As they prepare to see in the new year, ministers of finance throughout the Arabian Gulf will no doubt be nodding in Russia’s direction.
The deal three weeks ago by Russia and other non-Opec oil producers to cut output, in coordination with a similar Opec agreement in November, was the first such coordinated move in 15 years, promising a much-needed uptick in oil revenues for producers after more than two years of depressed prices.
But governments are under no illusion; the high oil prices that have sustained the Arabian Gulf economies for many years are now a thing of the past, with the longer-term impacts on local economies only gradually becoming clear.
While Saudi Arabia’s bold National Transformation Program dominated regional headlines, 2016 was a year that saw cuts and consolidation throughout the region, as governments moved to trim budget deficits brought on by lower oil prices.
The year began amid a sharp cut in fuel subsidies in Saudi Arabia, Qatar, Bahrain and Oman, following a lead set by the UAE in the summer of 2015, accompanied by a series of rises in the price of water and electricity throughout the region.
Such subsidy cuts, due to continue throughout the region in 2017, will see business costs rise, with the risk of a backlash in some countries. In October, Kuwait’s cabinet resigned after MPs furiously protested fuel-prices increases of up to 80 per cent.
Perhaps more significant were early moves to tackle the region’s ballooning public sector wage bill. Saudi Arabia’s King Salman announced a suspension of all annual bonus payments for state employees in September, alongside a 20 per cent cut in government minister salaries.
The move came a month after Sheikh Mohammed bin Rashid, Vice President and Ruler of dubai ordered the retirement of nine senior officials at Dubai Municipality, the day after finding them absent from their desks at an unannounced morning visit.
Such cuts however are dwarfed by the impact of lower oil revenues on the region’s private sector, with hiring freezes, salary freezes and layoffs at some of the region’s biggest employers, including Qatar Petroleum, Qatar Rail, Adnoc and Etihad Airways.
With the cuts has come consolidation across a series of sectors in the region, as governments take the opportunity to streamline their economies in times of downturn, with Abu Dhabi and Qatar taking the lead.
Abu Dhabi’s government ordered the merger of state investment funds Mubadala Development and International Petroleum Investment Company (Ipic) in June, creating a fund with around US$125 billion worth of assets.
Earlier this month, FGB and NBAD shareholders approved a merger of the two Abu Dhabi banks, in a move that will create one of the Middle East’s largest bank by assets, potentially surpassing Qatar’s QNB.
This month also saw the announcement of a long-anticipated merger of the Qatari LNG giants Qatargas and Rasgas, with a view to cutting costs while creating a more competitive entity.

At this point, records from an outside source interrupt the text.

(* Let $\Sigma\in\mathbb{S}^d$ be a positive semidefinite sample correlation matrix (all diagonal entries equal to $1$, off-diagonal entries in $(-1,1)$), let $\lambda>0$, and let $S^{\mathrm{opt}}$ be the optimal solution of the Graphical Lasso $$\min_{S\succ 0}\; -\log\det(S)+\mathrm{trace}(\Sigma S)+\lambda\sum_{i\neq j}|S_{ij}|.$$ Let $\mathcal{G}$ be the graph on $\{1,\ldots,d\}$ with an edge $\{i,j\}$ ($i\ne j$) iff $|\Sigma_{ij}|>\lambda$, and let $C$ be the partial symmetric matrix specified on the pattern $E=\{(i,i)\}\cup\{(i,j):\{i,j\}\in\mathcal{G}\}$ by $C_{ii}=1$ and $C_{ij}=\Sigma_{ij}-\lambda\,\mathrm{sign}(\Sigma_{ij})$ for $\{i,j\}\in\mathcal{G}$. Assume that for all $i\neq j$, $S^{\mathrm{opt}}_{ij}\neq0$ if and only if $|\Sigma_{ij}|>\lambda$, and that $\lambda\geq 0.5$. Then: 1. $(S^{\mathrm{opt}})^{-1}$ is the unique max-det completion of $C$, i.e. the unique optimal solution of $\max\{\log\det X: X\succ0,\ X_{ij}=C_{ij}\text{ for all }(i,j)\in E\}$. 2. If moreover $\mathcal{G}$ is chordal, then, after relabeling the vertices so that $1,2,\ldots,d$ is a perfect elimination ordering of $\mathcal{G}$ and setting $I_j=\{i>j:\{i,j\}\in\mathcal{G}\}$, one has $S^{\mathrm{opt}}=LDL^{T}$, where $L$ is unit lower triangular with $L_{ij}=0$ for $i>j$, $i\notin I_j$, and $L_{I_jj}=-C_{I_jI_j}^{-1}C_{I_jj}$, and $D$ is diagonal with $D_{jj}=(C_{jj}+C_{I_jj}^{T}L_{I_jj})^{-1}$ (computed for $j=d,d-1,\ldots,1$).
   Context: A graph is chordal if it has no induced cycle of length greater than three. An ordering $1,\ldots,d$ of the vertices is a perfect elimination ordering if for every $j$ the set $I_j$ of neighbors of $j$ with larger index forms a clique; every chordal graph admits one. For index sets $I,J$, $C_{IJ}$ denotes the submatrix with rows $I$ and columns $J$; all entries of $C_{I_jI_j}$ and $C_{I_jj}$ are specified since $I_j\cup\{j\}$ is a clique. $\mathrm{sign}(x)$ is the sign of the scalar $x$. *)

theory Defs
  imports Complex_Main "Jordan_Normal_Form.Determinant" "Jordan_Normal_Form.DL_Submatrix"
    "Jordan_Normal_Form.Gauss_Jordan_Elimination"
begin

(* Matrices are JNF matrices of dimension d x d, indices 0..<d (vertex k+1 of the paper = index k). *)

definition sym_mat :: "nat \<Rightarrow> real mat \<Rightarrow> bool" where
  "sym_mat d A \<longleftrightarrow> A \<in> carrier_mat d d \<and> A\<^sup>T = A"

definition psd_mat :: "nat \<Rightarrow> real mat \<Rightarrow> bool" where
  "psd_mat d A \<longleftrightarrow> sym_mat d A \<and> (\<forall>v \<in> carrier_vec d. v \<bullet> (A *\<^sub>v v) \<ge> 0)"

definition pd_mat :: "nat \<Rightarrow> real mat \<Rightarrow> bool" where
  "pd_mat d A \<longleftrightarrow> sym_mat d A \<and> (\<forall>v \<in> carrier_vec d. v \<noteq> 0\<^sub>v d \<longrightarrow> v \<bullet> (A *\<^sub>v v) > 0)"

definition mtrace :: "real mat \<Rightarrow> real" where
  "mtrace A = (\<Sum>i<dim_row A. A $$ (i,i))"

definition sample_corr :: "nat \<Rightarrow> real mat \<Rightarrow> bool" where
  "sample_corr d \<Sigma> \<longleftrightarrow> psd_mat d \<Sigma> \<and> (\<forall>i<d. \<Sigma> $$ (i,i) = 1)
     \<and> (\<forall>i<d. \<forall>j<d. i \<noteq> j \<longrightarrow> -1 < \<Sigma> $$ (i,j) \<and> \<Sigma> $$ (i,j) < 1)"

definition glasso_obj :: "nat \<Rightarrow> real mat \<Rightarrow> real \<Rightarrow> real mat \<Rightarrow> real" where
  "glasso_obj d \<Sigma> lam S = - ln (det S) + mtrace (\<Sigma> * S)
      + lam * (\<Sum>i<d. \<Sum>j<d. if i \<noteq> j then \<bar>S $$ (i,j)\<bar> else 0)"

definition glasso_opt :: "nat \<Rightarrow> real mat \<Rightarrow> real \<Rightarrow> real mat \<Rightarrow> bool" where
  "glasso_opt d \<Sigma> lam S \<longleftrightarrow> pd_mat d S \<and>
     (\<forall>S'. pd_mat d S' \<longrightarrow> glasso_obj d \<Sigma> lam S \<le> glasso_obj d \<Sigma> lam S')"

definition thr_adj :: "nat \<Rightarrow> real mat \<Rightarrow> real \<Rightarrow> nat \<Rightarrow> nat \<Rightarrow> bool" where
  "thr_adj d \<Sigma> lam i j \<longleftrightarrow> i < d \<and> j < d \<and> i \<noteq> j \<and> \<bar>\<Sigma> $$ (i,j)\<bar> > lam"

definition pattern :: "nat \<Rightarrow> real mat \<Rightarrow> real \<Rightarrow> (nat \<times> nat) set" where
  "pattern d \<Sigma> lam = {(i,i) | i. i < d} \<union> {(i,j). thr_adj d \<Sigma> lam i j}"

text \<open>the partial matrix C, represented as a full matrix whose entries outside the
  pattern are set to 0 (they are never used)\<close>
definition Cpart :: "nat \<Rightarrow> real mat \<Rightarrow> real \<Rightarrow> real mat" where
  "Cpart d \<Sigma> lam = mat d d (\<lambda>(i,j). if i = j then 1
      else if thr_adj d \<Sigma> lam i j then \<Sigma> $$ (i,j) - lam * sgn (\<Sigma> $$ (i,j)) else 0)"

definition maxdet_feasible :: "nat \<Rightarrow> (nat \<times> nat) set \<Rightarrow> real mat \<Rightarrow> real mat \<Rightarrow> bool" where
  "maxdet_feasible d E C X \<longleftrightarrow> pd_mat d X \<and> (\<forall>(i,j) \<in> E. X $$ (i,j) = C $$ (i,j))"

definition unique_maxdet_completion :: "nat \<Rightarrow> (nat \<times> nat) set \<Rightarrow> real mat \<Rightarrow> real mat \<Rightarrow> bool" where
  "unique_maxdet_completion d E C X \<longleftrightarrow> maxdet_feasible d E C X \<and>
     (\<forall>Y. maxdet_feasible d E C Y \<longrightarrow> Y \<noteq> X \<longrightarrow> ln (det Y) < ln (det X))"

definition chordal :: "nat \<Rightarrow> (nat \<Rightarrow> nat \<Rightarrow> bool) \<Rightarrow> bool" where
  "chordal d adj \<longleftrightarrow> (\<forall>vs. distinct vs \<and> set vs \<subseteq> {..<d} \<and> length vs \<ge> 4 \<and>
      (\<forall>k < length vs. adj (vs ! k) (vs ! ((k + 1) mod length vs))) \<longrightarrow>
      (\<exists>k < length vs. \<exists>l < length vs. k \<noteq> l \<and> l \<noteq> (k + 1) mod length vs
          \<and> k \<noteq> (l + 1) mod length vs \<and> adj (vs ! k) (vs ! l)))"

definition higher_nbrs :: "nat \<Rightarrow> (nat \<Rightarrow> nat \<Rightarrow> bool) \<Rightarrow> nat \<Rightarrow> nat set" where
  "higher_nbrs d adj j = {i. j < i \<and> i < d \<and> adj i j}"

definition natural_peo :: "nat \<Rightarrow> (nat \<Rightarrow> nat \<Rightarrow> bool) \<Rightarrow> bool" where
  "natural_peo d adj \<longleftrightarrow> (\<forall>j<d. \<forall>a \<in> higher_nbrs d adj j. \<forall>b \<in> higher_nbrs d adj j.
       a \<noteq> b \<longrightarrow> adj a b)"

text \<open>L_{I_j j} = - C_{I_j I_j}^{-1} C_{I_j j}, as a vector indexed by positions in I_j
  (increasing order)\<close>
definition Lcol :: "real mat \<Rightarrow> nat set \<Rightarrow> nat \<Rightarrow> real vec" where
  "Lcol C I j = - (the (mat_inverse (submatrix C I I)) *\<^sub>v col (submatrix C I {j}) 0)"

The announcement was followed by news of a potential three-way tie up between Masraf Al Rayan, Barwa Bank and International Bank of Qatar, welcomed by analysts as reducing the number of banks in an oversupplied market.
After a painful 2016, the cuts announced by Opec and non-Opec members offer some blessed relief to Arabian Gulf coffers in the coming year; earlier this month, Goldman Sachs raised its 2017 forecast for Brent crude futures to $59 a barrel, compared with an average of $45.06 for 2016. But the additional revenues are only likely to bring so much relief; Goldman’s $59 figure still falls well short of the $66 a barrel the IMF has forecast as the average price for GCC states to present a balanced budget.
The prospect of higher oil prices brings a little more comfort and predictability back to economies and markets after a long period of uncertainty over how low revenues could go.
But the commitment by all of the region’s governments to further fiscal consolidation and restructuring in 2017 means that the pain of the past 18 months is unlikely to abate any time soon.